Nueva carta sobre el comercio de los libros, vv.aa. (playa de ákaba breve 2014): sin la palabra estamos condenados a la sociedad del silencio

Por Asilgab @asilgab

¿Cómo sería el mundo si no existieran las palabras? ¿Acaso alguien quiere que sus cenizas reposen en el infierno del olvido? ¿Cómo serían nuestras vidas si no pudiéramos pronunciar palabras como: amor, libertad, igualdad…? Todo sería como esos versos perdidos en la oscuridad de una noche donde ya no hay espacio para el amor y el deseo, pues todo sería frustración y silencio.
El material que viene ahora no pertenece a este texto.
(* There is no function $f:\mathbb{N}\to\mathbb{N}$ such that $\operatorname{bw}(u(D))\le f(\operatorname{dbw}(D))$ for every digraph $D$.
   Context: $u(D)$ denotes the underlying undirected (multi)graph of $D$, with one undirected edge $xy$ for each directed edge $\vec{xy}$. The branch-width $\operatorname{bw}(G)$ of an undirected (multi)graph $G$ is the minimum width of a branch decomposition $(T,\tau)$, where $T$ is a tree of maximum degree at most three, $\tau$ a bijection from the leaves of $T$ onto $E(G)$, the order of an edge $t$ of $T$ is the number of vertices incident both with an edge in $\tau(Y)$ and an edge in $E(G)\setminus\tau(Y)$ ($Y$ the leaves on one side of $T-t$), and the width is the maximum order (0 if none). Directed branch-width: for $X\subseteq E(D)$, $S^V_X=\{y: \exists x,z,\ \vec{xy}\in E(D)\setminus X,\ \vec{yz}\in X\}$, $f_D(X)=|S^V_X\cup S^V_{E(D)\setminus X}|$; $\operatorname{dbw}(D)$ is defined like branch-width but with the order of a tree edge equal to $f_D(\beta(Y))$ for a bijection $\beta$ from leaves onto $E(D)$. *)

theory Defs
  imports Main "Graph_Theory.Digraph"
begin

record ('v,'e) umultigraph =
  uverts :: "'v set"
  uedges :: "'e set"
  ends   :: "'e \<Rightarrow> 'v set"

definition underlying :: "('v,'e) pre_digraph \<Rightarrow> ('v,'e) umultigraph" where
  "underlying D = \<lparr> uverts = verts D, uedges = arcs D,
                    ends = (\<lambda>e. {tail D e, head D e}) \<rparr>"

definition tadj :: "nat set set \<Rightarrow> nat \<Rightarrow> nat \<Rightarrow> bool" where
  "tadj TE a b \<longleftrightarrow> {a, b} \<in> TE"

definition tconnected_in :: "nat set set \<Rightarrow> nat \<Rightarrow> nat \<Rightarrow> bool" where
  "tconnected_in TE a b \<longleftrightarrow> (tadj TE)\<^sup>*\<^sup>* a b"

definition is_tree :: "nat set \<Rightarrow> nat set set \<Rightarrow> bool" where
  "is_tree N TE \<longleftrightarrow>
     finite N \<and> N \<noteq> {} \<and>
     (\<forall>t\<in>TE. card t = 2 \<and> t \<subseteq> N) \<and>
     (\<forall>a\<in>N. \<forall>b\<in>N. tconnected_in TE a b) \<and>
     \<comment> \<open>acyclic: no edge lies on a cycle, i.e. its ends are disconnected after deleting it\<close>
     (\<forall>a b. {a, b} \<in> TE \<longrightarrow> \<not> tconnected_in (TE - {{a, b}}) a b)"

definition tdegree :: "nat set set \<Rightarrow> nat \<Rightarrow> nat" where
  "tdegree TE v = card {t \<in> TE. v \<in> t}"

definition tleaves :: "nat set \<Rightarrow> nat set set \<Rightarrow> nat set" where
  "tleaves N TE = {v \<in> N. tdegree TE v \<le> 1}"

definition side_leaves :: "nat set \<Rightarrow> nat set set \<Rightarrow> nat \<Rightarrow> nat \<Rightarrow> nat set" where
  "side_leaves N TE a b = {l \<in> tleaves N TE. tconnected_in (TE - {{a, b}}) a l}"

definition is_decomp :: "'e set \<Rightarrow> nat set \<Rightarrow> nat set set \<Rightarrow> (nat \<Rightarrow> 'e) \<Rightarrow> bool" where
  "is_decomp E N TE \<tau> \<longleftrightarrow>
     is_tree N TE \<and> (\<forall>v\<in>N. tdegree TE v \<le> 3) \<and> bij_betw \<tau> (tleaves N TE) E"

definition decomp_width :: "('e set \<Rightarrow> nat) \<Rightarrow> nat set \<Rightarrow> nat set set \<Rightarrow> (nat \<Rightarrow> 'e) \<Rightarrow> nat" where
  "decomp_width ord N TE \<tau> =
     Max ({0} \<union> {ord (\<tau> ` side_leaves N TE a b) | a b. {a, b} \<in> TE})"

text \<open>Minimum width over all decompositions (0 if there is none, e.g. no edges).\<close>
definition min_width :: "'e set \<Rightarrow> ('e set \<Rightarrow> nat) \<Rightarrow> nat" where
  "min_width E ord =
     (if \<exists>N TE \<tau>. is_decomp E N TE \<tau>
      then (LEAST k. \<exists>N TE \<tau>. is_decomp E N TE \<tau> \<and> decomp_width ord N TE \<tau> = k)
      else 0)"

definition mid_order :: "('v,'e) umultigraph \<Rightarrow> 'e set \<Rightarrow> nat" where
  "mid_order G X = card {v. (\<exists>e\<in>X. v \<in> ends G e) \<and> (\<exists>e\<in>uedges G - X. v \<in> ends G e)}"

definition bw :: "('v,'e) umultigraph \<Rightarrow> nat" where
  "bw G = min_width (uedges G) (mid_order G)"

definition SV :: "('v,'e) pre_digraph \<Rightarrow> 'e set \<Rightarrow> 'v set" where
  "SV D X = {y. (\<exists>e\<in>arcs D - X. head D e = y) \<and> (\<exists>e\<in>X. tail D e = y)}"

definition fD :: "('v,'e) pre_digraph \<Rightarrow> 'e set \<Rightarrow> nat" where
  "fD D X = card (SV D X \<union> SV D (arcs D - X))"

definition dbw :: "('v,'e) pre_digraph \<Rightarrow> nat" where
  "dbw D = min_width (arcs D) (fD D)"

end

theory Submission
  imports Defs
begin

text \<open>Orient K_{n,n} so that every arc goes from the left part to the right part. Then no
  vertex is both a head and a tail, so f_D vanishes and the directed branch-width is 0.
  On the other hand, a subcubic tree always has an edge splitting its leaves into two parts of at
  least a third each, so every branch decomposition of the n^2 edges of K_{n,n} has a tree edge
  with at least n^2/3 edges on either side. Let S be the set of vertices incident with both sides.
  If both sides had an edge avoiding S, the edge from the left end of one to the right end of the
  other would force one of these ends into S; so one side lies among the at most 2n|S| edges
  meeting S, whence |S| \<ge> n/6 and the branch-width of u(D) is unbounded.\<close>

lemma tadj_commute: "tadj E a b \<longleftrightarrow> tadj E b a"
  unfolding tadj_def by (simp add: insert_commute)

lemma tconnected_in_refl: "tconnected_in E a a"
  unfolding tconnected_in_def by simp

lemma tconnected_in_step: "tconnected_in E a b \<Longrightarrow> {b, c} \<in> E \<Longrightarrow> tconnected_in E a c"
  unfolding tconnected_in_def tadj_def by (rule rtranclp.rtrancl_into_rtrancl)

lemma tconnected_in_trans:
  "tconnected_in E a b \<Longrightarrow> tconnected_in E b c \<Longrightarrow> tconnected_in E a c"
  unfolding tconnected_in_def by (rule rtranclp_trans)

lemma tconnected_in_sym: "tconnected_in E a b \<Longrightarrow> tconnected_in E b a"
  unfolding tconnected_in_def
  by (induction rule: rtranclp_induct)
     (auto intro: converse_rtranclp_into_rtranclp tadj_commute[THEN iffD1])

lemma tconnected_in_induct[consumes 1, case_names refl step]:
  assumes "tconnected_in E a z" and "P a"
    and "\<And>z w. tconnected_in E a z \<Longrightarrow> {z, w} \<in> E \<Longrightarrow> P z \<Longrightarrow> P w"
  shows "P z"
  using assms(1) unfolding tconnected_in_def
  by (induction rule: rtranclp_induct) (auto intro: assms(2,3) simp: tconnected_in_def tadj_def)

lemma tconnected_in_invariant:
  assumes "\<And>u v. {u, v} \<in> E \<Longrightarrow> P u \<longleftrightarrow> P v" and "tconnected_in E a b"
  shows "P a \<longleftrightarrow> P b"
  using assms(2) by (induction rule: tconnected_in_induct) (use assms(1) in blast)+

lemma tconnected_in_empty: "tconnected_in {} a b \<Longrightarrow> a = b"
  by (induction rule: tconnected_in_induct) auto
Si no existieran las palabras nadie nos mostraría el simbolismo que una caricia puede tener en las rendijas del alma. Sí, estamos condenados a la sociedad del silencio. Todo, otra vez todo, será víctima de una involución que nos dejará sin palabras. El ser humano será una especie que dejará de ser diferente a las demás. Para decir te quiero utilizaremos un emoticono con corazón, para cortar con tu pareja pulsaremos las teclas Ctrl+Alt+Supr… y así sucesivamente, en un lenguaje de signos exentos de palabras. Todo, otra vez todo, serán símbolos a través de unas teclas. Las sonrisas serán fotos grabadas virtualmente y las caricias una mera entelequia. El silencio nos condenará a la soledad, y la soledad a no necesitar la palabra. Los sentimientos sin palabras dejarán de tener esa consistencia material que necesitan los deseos; y una especie sin deseo está condenada a la desaparición. No, no estoy describiendo una secuencia de una película futurista del tipo El planeta de los simios, sino la descripción de la profunda grieta en la que poco a poco estamos cayendo sin hacer nada para evitarlo, porque ¿cómo sería un mundo en el que no existieran los libros? Sí, estamos condenados a que todo se convierta en una trágica rutina de falsos sueños; sueños mecanizados a través de las teclas de los aparatos tecnológicos, donde el ser humano solo será una herramienta más, una tecla más de la cadena.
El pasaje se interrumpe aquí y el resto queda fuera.